__YOUR OBJECTIVE__
Reproduce the data word for word, keeping every line complete.

__SOURCE RECORDS__

lemma measurable_occupancy:
  assumes "\<And>s a. (\<lambda>w. p w s $ a) \<in> borel_measurable N"
  shows "(\<lambda>w. occupancy P \<gamma> (p w) s0 s') \<in> borel_measurable N"
  unfolding occupancy_def discounted_op_def
  by (intro borel_measurable_suminf borel_measurable_times borel_measurable_const measurable_markov_pow assms)

section \<open>Value functions and the performance difference lemma\<close>

lemma state_dist_sum:
  "(\<Sum>s'\<in>UNIV. state_dist P pol \<mu> t s' * f s') = (\<Sum>s'\<in>UNIV. \<mu> s' * (markov_op P pol ^^ t) f s')"
proof (induction t arbitrary: f)
  case (Suc t)
  let ?d = "state_dist P pol \<mu> t"
  have "(\<Sum>s''\<in>UNIV. state_dist P pol \<mu> (Suc t) s'' * f s'')
      = (\<Sum>s''\<in>UNIV. \<Sum>s'\<in>UNIV. ?d s' * (\<Sum>a\<in>UNIV. pol s' $ a * P s' a s'') * f s'')"
    by (simp add: sum_distrib_right)
  also have "\<dots> = (\<Sum>s'\<in>UNIV. \<Sum>s''\<in>UNIV. ?d s' * (\<Sum>a\<in>UNIV. pol s' $ a * P s' a s'') * f s'')"
    by (rule sum.swap)
  also have "\<dots> = (\<Sum>s'\<in>UNIV. ?d s' * markov_op P pol f s')"
  proof (rule sum.cong[OF refl])
    fix s'
    have "(\<Sum>s''\<in>UNIV. ?d s' * (\<Sum>a\<in>UNIV. pol s' $ a * P s' a s'') * f s'')
        = (\<Sum>s''\<in>UNIV. \<Sum>a\<in>UNIV. ?d s' * (pol s' $ a * (P s' a s'' * f s'')))"
      by (simp add: sum_distrib_left sum_distrib_right mult.assoc)
    also have "\<dots> = (\<Sum>a\<in>UNIV. \<Sum>s''\<in>UNIV. ?d s' * (pol s' $ a * (P s' a s'' * f s'')))"
      by (rule sum.swap)
    also have "\<dots> = ?d s' * markov_op P pol f s'"
      by (simp add: markov_op_def sum_distrib_left)
    finally show "(\<Sum>s''\<in>UNIV. ?d s' * (\<Sum>a\<in>UNIV. pol s' $ a * P s' a s'') * f s'')
        = ?d s' * markov_op P pol f s'" .
  qed
  also have "\<dots> = (\<Sum>s'\<in>UNIV. \<mu> s' * (markov_op P pol ^^ Suc t) f s')"
    by (simp only: Suc funpow_Suc_right o_def)
  finally show ?case .
qed simp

__EXERCISE OUTPUT__
lemma measurable_occupancy:
  assumes "\<And>s a. (\<lambda>w. p w s $ a) \<in> borel_measurable N"
  shows "(\<lambda>w. occupancy P \<gamma> (p w) s0 s') \<in> borel_measurable N"
  unfolding occupancy_def discounted_op_def
  by (intro borel_measurable_suminf borel_measurable_times borel_measurable_const measurable_markov_pow assms)

section \<open>Value functions and the performance difference lemma\<close>

lemma state_dist_sum:
  "(\<Sum>s'\<in>UNIV. state_dist P pol \<mu> t s' * f s') = (\<Sum>s'\<in>UNIV. \<mu> s' * (markov_op P pol ^^ t) f s')"
proof (induction t arbitrary: f)
  case (Suc t)
  let ?d = "state_dist P pol \<mu> t"
  have "(\<Sum>s''\<in>UNIV. state_dist P pol \<mu> (Suc t) s'' * f s'')
      = (\<Sum>s''\<in>UNIV. \<Sum>s'\<in>UNIV. ?d s' * (\<Sum>a\<in>UNIV. pol s' $ a * P s' a s'') * f s'')"
    by (simp add: sum_distrib_right)
  also have "\<dots> = (\<Sum>s'\<in>UNIV. \<Sum>s''\<in>UNIV. ?d s' * (\<Sum>a\<in>UNIV. pol s' $ a * P s' a s'') * f s'')"
    by (rule sum.swap)
  also have "\<dots> = (\<Sum>s'\<in>UNIV. ?d s' * markov_op P pol f s')"
  proof (rule sum.cong[OF refl])
    fix s'
    have "(\<Sum>s''\<in>UNIV. ?d s' * (\<Sum>a\<in>UNIV. pol s' $ a * P s' a s'') * f s'')
        = (\<Sum>s''\<in>UNIV. \<Sum>a\<in>UNIV. ?d s' * (pol s' $ a * (P s' a s'' * f s'')))"
      by (simp add: sum_distrib_left sum_distrib_right mult.assoc)
    also have "\<dots> = (\<Sum>a\<in>UNIV. \<Sum>s''\<in>UNIV. ?d s' * (pol s' $ a * (P s' a s'' * f s'')))"
      by (rule sum.swap)
    also have "\<dots> = ?d s' * markov_op P pol f s'"
      by (simp add: markov_op_def sum_distrib_left)
    finally show "(\<Sum>s''\<in>UNIV. ?d s' * (\<Sum>a\<in>UNIV. pol s' $ a * P s' a s'') * f s'')
        = ?d s' * markov_op P pol f s'" .
  qed
  also have "\<dots> = (\<Sum>s'\<in>UNIV. \<mu> s' * (markov_op P pol ^^ Suc t) f s')"
    by (simp only: Suc funpow_Suc_right o_def)
  finally show ?case .
qed simp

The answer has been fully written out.